All the while, Hurst was trying to serve her country and provide for her family. 

“I chose to stay in the military because as a single mom, it was a way for me to provide for them,” she said.

Unfortunately, Hurst has struggled to get her children since arriving back in the U.S. It seems that the law states Hurst should takeover the care of her children, but the relevant departments in Florida and New Jersey aren’t taking care of the situation. 

“The judge has previously said, and restated today, that the best place for these children is with their mother,” Hurst’s attorney told the Daily Mail.

“All we’re waiting for now is the two departments in New Jersey and Florida to start talking to one another, and then we can get these children home.”

“I’m not an unfit mother,” Hurst told News 13. “Before I joined the military, my only crime was [being] poor… I was uneducated.”

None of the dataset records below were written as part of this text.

(* Let $N=\{1,\dots,n\}$ and let $F:2^N\to\mathbb{R}$ be quasi-submodular. Suppose the maximization procedure (described in the context) outputs the lattice $[X_+,Y_+]$. Then every global maximizer of $F$ lies in $[X_+,Y_+]$, i.e., for every $X_*\in\arg\max_{X\subseteq N}F(X)$ we have $X_+\subseteq X_*\subseteq Y_+$.
   Context: For $A\subseteq N$ and $i\in N$, write $A+i=A\cup\{i\}$, $A-i=A\setminus\{i\}$, and $F(i\mid A)=F(A+i)-F(A)$. A set function $F:2^N\to\mathbb{R}$ is quasi-submodular if for all $X,Y\subseteq N$ both hold: $F(X\cap Y)\ge F(X)\Rightarrow F(Y)\ge F(X\cup Y)$, and $F(X\cap Y)>F(X)\Rightarrow F(Y)>F(X\cup Y)$. For sets $A,B$, $[A,B]=\{U: A\subseteq U\subseteq B\}$. Maximization procedure: set $X_0=\emptyset$, $Y_0=N$; for $t=0,1,2,\dots$: let $U_t=\{u\in Y_t\setminus X_t: F(u\mid Y_t-u)>0\}$ and $X_{t+1}=X_t\cup U_t$; let $D_t=\{d\in Y_t\setminus X_t: F(d\mid X_t)<0\}$ and $Y_{t+1}=Y_t\setminus D_t$; if $X_{t+1}=X_t$ and $Y_{t+1}=Y_t$, stop and output the lattice $[X_t,Y_t]$; otherwise continue with $t+1$. *)

theory Defs
  imports Complex_Main
begin

definition marg :: "('a set \<Rightarrow> real) \<Rightarrow> 'a \<Rightarrow> 'a set \<Rightarrow> real" where
  "marg F i A = F (insert i A) - F A"

definition quasi_submodular :: "'a set \<Rightarrow> ('a set \<Rightarrow> real) \<Rightarrow> bool" where
  "quasi_submodular N F \<longleftrightarrow>
     (\<forall>X Y. X \<subseteq> N \<longrightarrow> Y \<subseteq> N \<longrightarrow>
        (F (X \<inter> Y) \<ge> F X \<longrightarrow> F Y \<ge> F (X \<union> Y)) \<and>
        (F (X \<inter> Y) > F X \<longrightarrow> F Y > F (X \<union> Y)))"

definition max_step :: "('a set \<Rightarrow> real) \<Rightarrow> 'a set \<times> 'a set \<Rightarrow> 'a set \<times> 'a set" where
  "max_step F XY = (let X = fst XY; Y = snd XY;
       U = {u \<in> Y - X. marg F u (Y - {u}) > 0};
       D = {d \<in> Y - X. marg F d X < 0}
     in (X \<union> U, Y - D))"

definition max_iter :: "'a set \<Rightarrow> ('a set \<Rightarrow> real) \<Rightarrow> nat \<Rightarrow> 'a set \<times> 'a set" where
  "max_iter N F t = (max_step F ^^ t) ({}, N)"

definition max_outputs :: "'a set \<Rightarrow> ('a set \<Rightarrow> real) \<Rightarrow> 'a set \<Rightarrow> 'a set \<Rightarrow> bool" where
  "max_outputs N F Xp Yp \<longleftrightarrow>
     (\<exists>t. max_iter N F t = (Xp, Yp) \<and> max_step F (Xp, Yp) = (Xp, Yp) \<and>
          (\<forall>s<t. max_step F (max_iter N F s) \<noteq> max_iter N F s))"

end

theory Submission
  imports Defs
begin

text \<open>Every global maximizer \<open>X\<^sub>*\<close> stays in the current lattice \<open>[X\<^sub>t, Y\<^sub>t]\<close>.
  If an element \<open>u\<close> added to \<open>X\<^sub>t\<close> were missing from \<open>X\<^sub>*\<close>, quasi-submodularity
  applied to \<open>X\<^sub>* + u\<close> and \<open>Y\<^sub>t - u\<close> (whose meet is the maximizer \<open>X\<^sub>*\<close>) would give
  \<open>F(Y\<^sub>t - u) \<ge> F(Y\<^sub>t)\<close>, contradicting \<open>F(u | Y\<^sub>t - u) > 0\<close>. Dually, if an element \<open>d\<close>
  removed from \<open>Y\<^sub>t\<close> belonged to \<open>X\<^sub>*\<close>, the strict part applied to \<open>X\<^sub>t + d\<close> and
  \<open>X\<^sub>* - d\<close> would give \<open>F(X\<^sub>* - d) > F(X\<^sub>*)\<close>.\<close>

lemma quasi_submodularD_le:
  assumes "quasi_submodular N F" "A \<subseteq> N" "B \<subseteq> N" "F (A \<inter> B) \<ge> F A"
  shows "F B \<ge> F (A \<union> B)"
  using assms unfolding quasi_submodular_def by blast

lemma quasi_submodularD_less:
  assumes "quasi_submodular N F" "A \<subseteq> N" "B \<subseteq> N" "F (A \<inter> B) > F A"
  shows "F B > F (A \<union> B)"
  using assms unfolding quasi_submodular_def by blast

lemma maximizer_contains_positive_top_marg:
  assumes qs: "quasi_submodular N F"
    and max: "\<forall>X. X \<subseteq> N \<longrightarrow> F X \<le> F Xs"
    and "Xs \<subseteq> Y" "Y \<subseteq> N" "u \<in> Y" "marg F u (Y - {u}) > 0"
  shows "u \<in> Xs"
proof (rule ccontr)
  assume "u \<notin> Xs"
  then have meet: "insert u Xs \<inter> (Y - {u}) = Xs"
    and join: "insert u Xs \<union> (Y - {u}) = Y" using assms by auto
  have sub: "insert u Xs \<subseteq> N" "Y - {u} \<subseteq> N" using assms by auto
  have "F (insert u Xs \<inter> (Y - {u})) \<ge> F (insert u Xs)"
    unfolding meet using max sub by blast
  from quasi_submodularD_le[OF qs sub this] have "F (Y - {u}) \<ge> F Y"
    unfolding join .
  moreover have "insert u (Y - {u}) = Y" using \<open>u \<in> Y\<close> by auto
  ultimately show False using \<open>marg F u (Y - {u}) > 0\<close> unfolding marg_def by simp
qed

lemma maximizer_avoids_negative_bottom_marg:
  assumes qs: "quasi_submodular N F"
    and "Xs \<subseteq> N" and max: "\<forall>X. X \<subseteq> N \<longrightarrow> F X \<le> F Xs"
    and "X \<subseteq> Xs" "d \<notin> X" "marg F d X < 0"
  shows "d \<notin> Xs"
proof
  assume "d \<in> Xs"
  then have meet: "insert d X \<inter> (Xs - {d}) = X"
    and join: "insert d X \<union> (Xs - {d}) = Xs" using assms by auto
  have sub: "insert d X \<subseteq> N" "Xs - {d} \<subseteq> N" using assms \<open>d \<in> Xs\<close> by auto
  have "F (insert d X \<inter> (Xs - {d})) > F (insert d X)"
    unfolding meet using \<open>marg F d X < 0\<close> unfolding marg_def by simp
  from quasi_submodularD_less[OF qs sub this] have "F (Xs - {d}) > F Xs"
    unfolding join .
  moreover have "F (Xs - {d}) \<le> F Xs" using max sub by blast
  ultimately show False by linarith
qed

lemma max_step_keeps_maximizer:
  assumes qs: "quasi_submodular N F"
    and "Xs \<subseteq> N" and max: "\<forall>X. X \<subseteq> N \<longrightarrow> F X \<le> F Xs"
    and "X \<subseteq> Xs" "Xs \<subseteq> Y" "Y \<subseteq> N"
    and step: "max_step F (X, Y) = (X', Y')"
  shows "X' \<subseteq> Xs \<and> Xs \<subseteq> Y' \<and> Y' \<subseteq> N"
  using step assms maximizer_contains_positive_top_marg[OF qs max]
    maximizer_avoids_negative_bottom_marg[OF qs \<open>Xs \<subseteq> N\<close> max]
  unfolding max_step_def Let_def by auto

lemma max_iter_keeps_maximizer:
  assumes qs: "quasi_submodular N F"
    and "Xs \<subseteq> N" and max: "\<forall>X. X \<subseteq> N \<longrightarrow> F X \<le> F Xs"
    and "max_iter N F t = (X, Y)"
  shows "X \<subseteq> Xs \<and> Xs \<subseteq> Y \<and> Y \<subseteq> N"
  using assms(4)
proof (induction t arbitrary: X Y)
  case 0
  then show ?case using \<open>Xs \<subseteq> N\<close> by (simp add: max_iter_def)
next
  case (Suc t)
  obtain X0 Y0 where prev: "max_iter N F t = (X0, Y0)" by fastforce
  then have "max_step F (X0, Y0) = (X, Y)"
    using Suc.prems by (simp add: max_iter_def)
  with Suc.IH[OF prev] show ?case
    using max_step_keeps_maximizer[OF qs \<open>Xs \<subseteq> N\<close> max] by blast
qed

theorem theorem2:
  fixes n :: nat and F :: "nat set \<Rightarrow> real" and Xp Yp Xs :: "nat set"
  assumes "quasi_submodular {1..n} F"
    and "max_outputs {1..n} F Xp Yp"
    and "Xs \<subseteq> {1..n}"
    and "\<forall>X. X \<subseteq> {1..n} \<longrightarrow> F X \<le> F Xs"
  shows "Xp \<subseteq> Xs \<and> Xs \<subseteq> Yp"
proof -
  obtain t where "max_iter {1..n} F t = (Xp, Yp)"
    using assms(2) unfolding max_outputs_def by blast
  with max_iter_keeps_maximizer[OF assms(1,3,4)] show ?thesis by blast
qed

end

Hurst has already missed out on years of her children growing up, and doesn’t want to miss another moment. 

Hurst was told interstate compacts on the placement of children can take up to nine months, but is hoping she'll get her children back within the next 30 days.

“When you have lawyers stand up in open court and tell you that an interstate compact can take 8 or 9 months, and then you have judges say, ‘Well, we’re not going to accept that,’ then they’re coming down to 30 days,” said Brad Sherman, her lawyer. “I think if the right buttons are pushed, it could happen next week.”

“The wheels are turning and in motion,” Hurst added on Wednesday. “Hopefully it won’t take 8 to 9 months, and the kids will be home soon.”